Bak Penampungan Air

Aku tertunduk diam. Demikian pula dengan delapan anak lain yang berdesakan di sekitarku. Hanya beberapa kaki dari tempat kami mematung, seseorang yang pandangannya menyayat nyali membuat rasa takut kami semakin merajalela. 

Tubuhnya yang kecil tampak ringkih di atas kursi kayu tua berwarna coklat kusam. Namun sorotan matanya begitu tajam. Untung saja, sebuah meja kerja yang penuh oleh onggokan kertas dan buku-buku yang ditumpuk asal-asalan menjadi pembatas di antara kami dan orang itu. Jika tidak, bisa saja kami sudah dilahap hidup-hidup.

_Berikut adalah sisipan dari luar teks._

lemma block_extension_old_colour:
  assumes free: "\<not> mono_sol m \<Delta> i q" and "i < r" "m \<le> c" "(q - 1) * m \<le> c"
  shows "\<not> mono_sol (c + m) (block_extension r m c \<Delta>) i q"
proof
  assume "mono_sol (c + m) (block_extension r m c \<Delta>) i q"
  then obtain x where x: "\<forall>j\<in>{1..q}. x j \<in> {1..c + m} \<and> block_extension r m c \<Delta> (x j) = i"
    and sum: "(\<Sum>j=1..q-1. x j) = x q"
    unfolding mono_sol_def by blast
  have "q \<noteq> 0"
    using free mono_sol_0 by metis
  then have q: "q \<in> {1..q}"
    by simp
  have low: "x j \<in> {1..m} \<and> \<Delta> (x j) = i" if "j \<in> {1..q}" "x j \<le> m" for j
    using x that by (auto simp: block_extension_def)
  have high: "c < x j \<and> x j - c \<in> {1..m} \<and> \<Delta> (x j - c) = i" if "j \<in> {1..q}" "\<not> x j \<le> m" for j
    using x that \<open>i < r\<close> by (auto simp: block_extension_def split: if_splits)
  have "x j \<le> x q" if "j \<in> {1..q}" for j
    using member_le_sum[of j "{1..q-1}" x] that sum by (cases "j = q") auto
  show False
  proof (cases "x q \<le> m")
    case True
    then have "\<forall>j\<in>{1..q}. x j \<in> {1..m} \<and> \<Delta> (x j) = i"
      using low \<open>\<And>j. j \<in> {1..q} \<Longrightarrow> x j \<le> x q\<close> le_trans by blast
    then show False
      using free sum unfolding mono_sol_def by blast
  next
    case False
    with high[OF q] have top: "c < x q" "x q \<le> c + m"
      by auto
    have "x j \<le> m \<or> c < x j" if "j \<in> {1..q-1}" for j
      using high[of j] that by force
    then obtain j0 where j0: "j0 \<in> {1..q-1}" "c < x j0" and small: "\<forall>j\<in>{1..q-1} - {j0}. x j \<le> m"
      using single_large_summand[OF sum top _ \<open>m \<le> c\<close> \<open>(q - 1) * m \<le> c\<close>] by blast
    define y where "y j = (if j = j0 \<or> j = q then x j - c else x j)" for j
    have "(\<Sum>j\<in>{1..q-1} - {j0}. y j) = (\<Sum>j\<in>{1..q-1} - {j0}. x j)"
      by (rule sum.cong) (auto simp: y_def)
    then have "(\<Sum>j=1..q-1. y j) = y j0 + (\<Sum>j\<in>{1..q-1} - {j0}. x j)"
      using sum.remove[OF _ j0(1), of y] by simp
    also have "\<dots> = y q"
      using sum.remove[OF _ j0(1), of x] sum j0 top by (simp add: y_def)
    finally have "(\<Sum>j=1..q-1. y j) = y q" .
    moreover have "y j \<in> {1..m} \<and> \<Delta> (y j) = i" if j: "j \<in> {1..q}" for j
    proof (cases "j = j0 \<or> j = q")
      case True
      then have "\<not> x j \<le> m"
        using j0 top \<open>m \<le> c\<close> by auto
      then show ?thesis
        using high[OF j] True by (simp add: y_def)
    next
      case False
      then have "x j \<le> m"
        using small j by auto
      then show ?thesis
        using low[OF j] False by (simp add: y_def)
    qed
    ultimately show False
      using free unfolding mono_sol_def by blast
  qed
qed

Batinku benar-benar lumpuh hingga tak mampu berkata-kata. Ucapan yang keluar dari mulut orang di seberang meja yang berantakan itu masuk dengan mudahnya ke dalam telinga dan menebar terror yang seketika menghanguskan keberanian. 

Aku yakin kedelapan temanku yang lain merasakan ketakutan yang sama. Kami bak jerami yang tak punya daya saat menghadapi api. Lalu sekejap menjadi debu dalam kobarannya.

Hari itu adalah Jumat Agung di tahun 1997. Seperti Yesus yang digiring ke depan kursi marmer tempat duduk Pilatus, wali Roma di Yerusalem itu, aku dan delapan orang temanku juga tengah menghadapi penghakiman. 

Bedanya, Yesus adalah Anak Allah yang rela dihukum walau tidak ada kesalahan yang dilakukanNya. Sementara kami hanyalah sekelompok anak kecil berkelakuan buruk. Kenakalan yang kami lakukan siang tadi membuat kami melewatkan sore yang mendebarkan, di bawah sorotan tajam Frater Ichon Tanis, satu dari dua calon  imam Projo yang menjalani masa Tahun Orientasi Pastoral-nya sebagai pembimbing bagi siswa SMP Seminari Pius XII Kisol.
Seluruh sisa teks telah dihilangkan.